lemma continuous_map_absval_iff:
  assumes av: "is_absval v"
  shows "continuous_map X (absval_topology v) f \<longleftrightarrow> absval_continuous X v f"
proof
  assume c: "continuous_map X (absval_topology v) f"
  show "absval_continuous X v f" unfolding absval_continuous_def
  proof (intro ballI allI impI)
    fix x e assume x: "x \<in> topspace X" and e: "(e::real) > 0"
    have "openin X {y \<in> topspace X. f y \<in> {z. v (z - f x) < e}}"
      using openin_continuous_map_preimage[OF c openin_absval_ball[OF av, of "f x" e]] .
    moreover have "x \<in> {y \<in> topspace X. f y \<in> {z. v (z - f x) < e}}"
      using x e absval_0[OF av] by simp
    ultimately show "\<exists>W. openin X W \<and> x \<in> W \<and> (\<forall>y\<in>W. v (f y - f x) < e)"
      by (intro exI[of _ "{y \<in> topspace X. f y \<in> {z. v (z - f x) < e}}"]) simp
  qed
next
  assume c: "absval_continuous X v f"
  show "continuous_map X (absval_topology v) f"
    unfolding continuous_map topspace_absval_topology
  proof (intro conjI allI impI)
    show "f ` topspace X \<subseteq> UNIV" by simp
    fix U assume "openin (absval_topology v) U"
    then have U: "\<forall>x\<in>U. \<exists>e>0. \<forall>y. v (y - x) < e \<longrightarrow> y \<in> U"
      by (simp add: openin_absval_topology)
    show "openin X {x \<in> topspace X. f x \<in> U}"
      unfolding openin_subopen[of X "{x \<in> topspace X. f x \<in> U}"]
    proof
      fix x assume x: "x \<in> {x \<in> topspace X. f x \<in> U}"
      then obtain e where e: "e > 0" "\<forall>y. v (y - f x) < e \<longrightarrow> y \<in> U"
        using U by blast
      have "x \<in> topspace X" using x by simp
      then obtain W where W: "openin X W" "x \<in> W" "\<forall>y\<in>W. v (f y - f x) < e"
        using absval_continuousD[OF c _ e(1)] by blast
      have "W \<subseteq> topspace X" using W(1) by (rule openin_subset)
      then have "W \<subseteq> {x \<in> topspace X. f x \<in> U}" using e(2) W(3) by blast
      then show "\<exists>T. openin X T \<and> x \<in> T \<and> T \<subseteq> {x \<in> topspace X. f x \<in> U}" using W by blast
    qed
  qed
qed

lemma absval_continuous_locally_constant:
  assumes "\<And>x. x \<in> topspace X \<Longrightarrow> \<exists>W. openin X W \<and> x \<in> W \<and> (\<forall>y\<in>W. f y = f x)"
    and "is_absval v"
  shows "absval_continuous X v f"
  unfolding absval_continuous_def
proof (intro ballI allI impI)
  fix x e assume x: "x \<in> topspace X" and "(e::real) > 0"
  obtain W where W: "openin X W" "x \<in> W" "\<forall>y\<in>W. f y = f x" using assms(1)[OF x] by blast
  have "\<forall>y\<in>W. v (f y - f x) < e" using W(3) \<open>e > 0\<close> absval_0[OF assms(2)] by force
  then show "\<exists>W. openin X W \<and> x \<in> W \<and> (\<forall>y\<in>W. v (f y - f x) < e)" using W(1,2) by blast
qed

lemma absval_continuous_add:
  assumes av: "is_absval v" and f: "absval_continuous X v f" and g: "absval_continuous X v g"
  shows "absval_continuous X v (\<lambda>x. f x + g x)"
  unfolding absval_continuous_def
proof (intro ballI allI impI)
  fix x e assume x: "x \<in> topspace X" and e: "(e::real) > 0"
  have e2: "e/2 > 0" using e by simp
  obtain W1 where W1: "openin X W1" "x \<in> W1" "\<forall>y\<in>W1. v (f y - f x) < e/2"
    using absval_continuousD[OF f x e2] by blast
  obtain W2 where W2: "openin X W2" "x \<in> W2" "\<forall>y\<in>W2. v (g y - g x) < e/2"
    using absval_continuousD[OF g x e2] by blast
  have "v ((f y + g y) - (f x + g x)) < e" if y: "y \<in> W1 \<inter> W2" for y
  proof -
    have "v ((f y + g y) - (f x + g x)) \<le> v (f y - f x) + v (g y - g x)"
      using absval_triangle[OF av, of "f y - f x" "g y - g x"] by (simp add: algebra_simps)
    moreover have "v (f y - f x) < e/2" "v (g y - g x) < e/2" using W1(3) W2(3) y by auto
    ultimately show ?thesis by linarith
  qed
  then show "\<exists>W. openin X W \<and> x \<in> W \<and> (\<forall>y\<in>W. v ((f y + g y) - (f x + g x)) < e)"
    using W1 W2 by (intro exI[of _ "W1 \<inter> W2"]) auto
qed

lemma absval_continuous_uminus:
  assumes av: "is_absval v" and f: "absval_continuous X v f"
  shows "absval_continuous X v (\<lambda>x. - f x)"
proof -
  have "v (- f y - - f x) = v (f y - f x)" for x y
    using absval_uminus[OF av, of "f y - f x"] by simp
  then show ?thesis using f unfolding absval_continuous_def by simp
qed

lemma absval_continuous_mult:
  assumes av: "is_absval v" and f: "absval_continuous X v f" and g: "absval_continuous X v g"
    and B: "B > 0" and fB: "\<forall>x\<in>topspace X. v (f x) \<le> B" and gB: "\<forall>x\<in>topspace X. v (g x) \<le> B"
  shows "absval_continuous X v (\<lambda>x. f x * g x)"
  unfolding absval_continuous_def
proof (intro ballI allI impI)
  fix x e assume x: "x \<in> topspace X" and e: "(e::real) > 0"
  have d: "e/(2*B) > 0" using e B by simp
  obtain W1 where W1: "openin X W1" "x \<in> W1" "\<forall>y\<in>W1. v (f y - f x) < e/(2*B)"
    using absval_continuousD[OF f x d] by blast
  obtain W2 where W2: "openin X W2" "x \<in> W2" "\<forall>y\<in>W2. v (g y - g x) < e/(2*B)"
    using absval_continuousD[OF g x d] by blast
  have "v (f y * g y - f x * g x) < e" if y: "y \<in> W1 \<inter> W2" for y
  proof -
    have yX: "y \<in> topspace X" using y W1(1) openin_subset by blast
    have "f y * g y - f x * g x = f y * (g y - g x) + (f y - f x) * g x"
      by (simp add: algebra_simps)
    then have "v (f y * g y - f x * g x) \<le> v (f y) * v (g y - g x) + v (f y - f x) * v (g x)"
      using absval_triangle[OF av] absval_mult[OF av] by metis
    also have "\<dots> \<le> B * v (g y - g x) + v (f y - f x) * B"
      using fB gB x yX absval_nonneg[OF av] B by (intro add_mono mult_mono) auto
    also have "\<dots> < B * (e/(2*B)) + (e/(2*B)) * B"
    proof -
      have "v (g y - g x) < e/(2*B)" "v (f y - f x) < e/(2*B)" using W1(3) W2(3) y by auto
      then show ?thesis using B by (intro add_strict_mono mult_strict_left_mono mult_strict_right_mono)
    qed
    also have "\<dots> = e" using B by (simp add: field_simps)
    finally show ?thesis .
  qed
  then show "\<exists>W. openin X W \<and> x \<in> W \<and> (\<forall>y\<in>W. v (f y * g y - f x * g x) < e)"
    using W1 W2 by (intro exI[of _ "W1 \<inter> W2"]) auto
qed
(* Let $\mathcal M,\mathcal X,\mathcal Y$ be finite sets, $P_M$ a distribution on $\mathcal M$, $W_{Y|X}$ a channel from $\mathcal X$ to $\mathcal Y$, and $P_X$ any distribution on $\mathcal X$. For every $s\in(0,\tfrac12]$, \[ P_{js}(P_M,W_{Y|X})\le e^{\frac{s}{1-s}\left(H_{1-s}(M)-I^{\uparrow}_{1-s}(X;Y|P_X\times W_{Y|X})\right)} =\Big(\sum_m P_M(m)^{1-s}\Big)^{\frac1{1-s}}\sum_y\Big(\sum_x P_X(x)W_{Y|X}(y|x)^{1-s}\Big)^{\frac1{1-s}}. \]
   Context: A code $\phi=(\mathsf e,\mathsf d)$ consists of $\mathsf e:\mathcal M\to\mathcal X$ and $\mathsf d:\mathcal Y\to\mathcal M$; $P_{js}[\phi|P_M,W_{Y|X}]:=\sum_{m}P_M(m)W_{Y|X}(\{y:\mathsf d(y)\ne m\}|\mathsf e(m))$ and $P_{js}(P_M,W_{Y|X}):=\inf_\phi P_{js}[\phi|P_M,W_{Y|X}]$. $H_{1-s}(M):=\frac1s\log\sum_m P_M(m)^{1-s}$. For $P_{XY}=P_X\times W_{Y|X}$, $I^{\uparrow}_{1-s}(X;Y|P_{XY}):=-\frac{1-s}{s}\log\sum_y\big(\sum_x P_X(x)W_{Y|X}(y|x)^{1-s}\big)^{\frac1{1-s}}$. *)

theory Defs
  imports "HOL-Analysis.Analysis"
begin

definition is_dist :: "('a::finite \<Rightarrow> real) \<Rightarrow> bool" where
  "is_dist P \<longleftrightarrow> (\<forall>a. 0 \<le> P a) \<and> (\<Sum>a\<in>UNIV. P a) = 1"

definition is_channel :: "('x::finite \<Rightarrow> 'y::finite \<Rightarrow> real) \<Rightarrow> bool" where
  "is_channel W \<longleftrightarrow> (\<forall>x. is_dist (W x))"

definition err_prob :: "('m::finite \<Rightarrow> real) \<Rightarrow> ('x::finite \<Rightarrow> 'y::finite \<Rightarrow> real)
    \<Rightarrow> ('m \<Rightarrow> 'x) \<Rightarrow> ('y \<Rightarrow> 'm) \<Rightarrow> real" where
  "err_prob PM W e d = (\<Sum>m\<in>UNIV. PM m * (\<Sum>y\<in>{y. d y \<noteq> m}. W (e m) y))"

definition P_js :: "('m::finite \<Rightarrow> real) \<Rightarrow> ('x::finite \<Rightarrow> 'y::finite \<Rightarrow> real) \<Rightarrow> real" where
  "P_js PM W = (INF ed \<in> (UNIV :: (('m \<Rightarrow> 'x) \<times> ('y \<Rightarrow> 'm)) set). err_prob PM W (fst ed) (snd ed))"
lemma finite_order_iso:
  fixes \<phi> :: "'a \<Rightarrow> 'b::linorder"
  assumes "finite X" "finite Y" "card X = card Y" "inj_on \<phi> X" "inj_on \<phi> Y"
  obtains \<sigma> where "bij_betw \<sigma> X Y" "\<And>x y. x \<in> X \<Longrightarrow> y \<in> X \<Longrightarrow> \<phi> (\<sigma> x) < \<phi> (\<sigma> y) \<longleftrightarrow> \<phi> x < \<phi> y"
proof
  let ?\<sigma> = "inv_into Y (rank \<phi> Y) \<circ> rank \<phi> X"
  have X: "bij_betw (rank \<phi> X) X {..<card Y}" and Y: "bij_betw (rank \<phi> Y) Y {..<card Y}"
    using bij_betw_rank assms by metis+
  show \<sigma>: "bij_betw ?\<sigma> X Y"
    using bij_betw_trans[OF X bij_betw_inv_into[OF Y]] .
  have rank_\<sigma>: "rank \<phi> Y (?\<sigma> x) = rank \<phi> X x" if "x \<in> X" for x
  proof -
    have "rank \<phi> X x \<in> rank \<phi> Y ` Y"
      using X Y that by (metis bij_betw_def imageI)
    then show ?thesis
      by (simp add: f_inv_into_f)
  qed
  fix x y assume "x \<in> X" "y \<in> X"
  moreover have "?\<sigma> x \<in> Y" "?\<sigma> y \<in> Y"
    using \<sigma> \<open>x \<in> X\<close> \<open>y \<in> X\<close> by (auto dest: bij_betwE)
  ultimately show "\<phi> (?\<sigma> x) < \<phi> (?\<sigma> y) \<longleftrightarrow> \<phi> x < \<phi> y"
    using rank_less_rank_iff assms rank_\<sigma> by metis
qed

section \<open>Finite substructures of \<open>C\<^sub>3[I\<^sub>\<omega>]\<^sup>*\<close>\<close>

lemma bij_betw_Sigma:
  assumes "\<And>i. i \<in> I \<Longrightarrow> bij_betw (\<sigma> i) (A i) (B i)"
  shows "bij_betw (\<lambda>(i, x). (i, \<sigma> i x)) (Sigma I A) (Sigma I B)"
proof (rule bij_betw_byWitness[where f' = "\<lambda>(i, y). (i, inv_into (A i) (\<sigma> i) y)"])
  show "\<forall>p \<in> Sigma I A. (\<lambda>(i, y). (i, inv_into (A i) (\<sigma> i) y)) ((\<lambda>(i, x). (i, \<sigma> i x)) p) = p"
    using assms by (auto simp: bij_betw_def)
  show "\<forall>p \<in> Sigma I B. (\<lambda>(i, x). (i, \<sigma> i x)) ((\<lambda>(i, y). (i, inv_into (A i) (\<sigma> i) y)) p) = p"
    using assms by (auto simp: bij_betw_def f_inv_into_f)
  show "(\<lambda>(i, x). (i, \<sigma> i x)) ` Sigma I A \<subseteq> Sigma I B"
    using assms by (auto dest: bij_betwE)
  show "(\<lambda>(i, y). (i, inv_into (A i) (\<sigma> i) y)) ` Sigma I B \<subseteq> Sigma I A"
    using assms by (auto simp: bij_betw_def inv_into_into)
qed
______
Using the entries above, give again exactly the lines from the line holding "(?\<sigma> x) <" through the line holding "using assms by (auto dest: bij_betwE)". Include both end lines and nothing else.

  ultimately show "\<phi> (?\<sigma> x) < \<phi> (?\<sigma> y) \<longleftrightarrow> \<phi> x < \<phi> y"
    using rank_less_rank_iff assms rank_\<sigma> by metis
qed

section \<open>Finite substructures of \<open>C\<^sub>3[I\<^sub>\<omega>]\<^sup>*\<close>\<close>

lemma bij_betw_Sigma:
  assumes "\<And>i. i \<in> I \<Longrightarrow> bij_betw (\<sigma> i) (A i) (B i)"
  shows "bij_betw (\<lambda>(i, x). (i, \<sigma> i x)) (Sigma I A) (Sigma I B)"
proof (rule bij_betw_byWitness[where f' = "\<lambda>(i, y). (i, inv_into (A i) (\<sigma> i) y)"])
  show "\<forall>p \<in> Sigma I A. (\<lambda>(i, y). (i, inv_into (A i) (\<sigma> i) y)) ((\<lambda>(i, x). (i, \<sigma> i x)) p) = p"
    using assms by (auto simp: bij_betw_def)
  show "\<forall>p \<in> Sigma I B. (\<lambda>(i, x). (i, \<sigma> i x)) ((\<lambda>(i, y). (i, inv_into (A i) (\<sigma> i) y)) p) = p"
    using assms by (auto simp: bij_betw_def f_inv_into_f)
  show "(\<lambda>(i, x). (i, \<sigma> i x)) ` Sigma I A \<subseteq> Sigma I B"
    using assms by (auto dest: bij_betwE)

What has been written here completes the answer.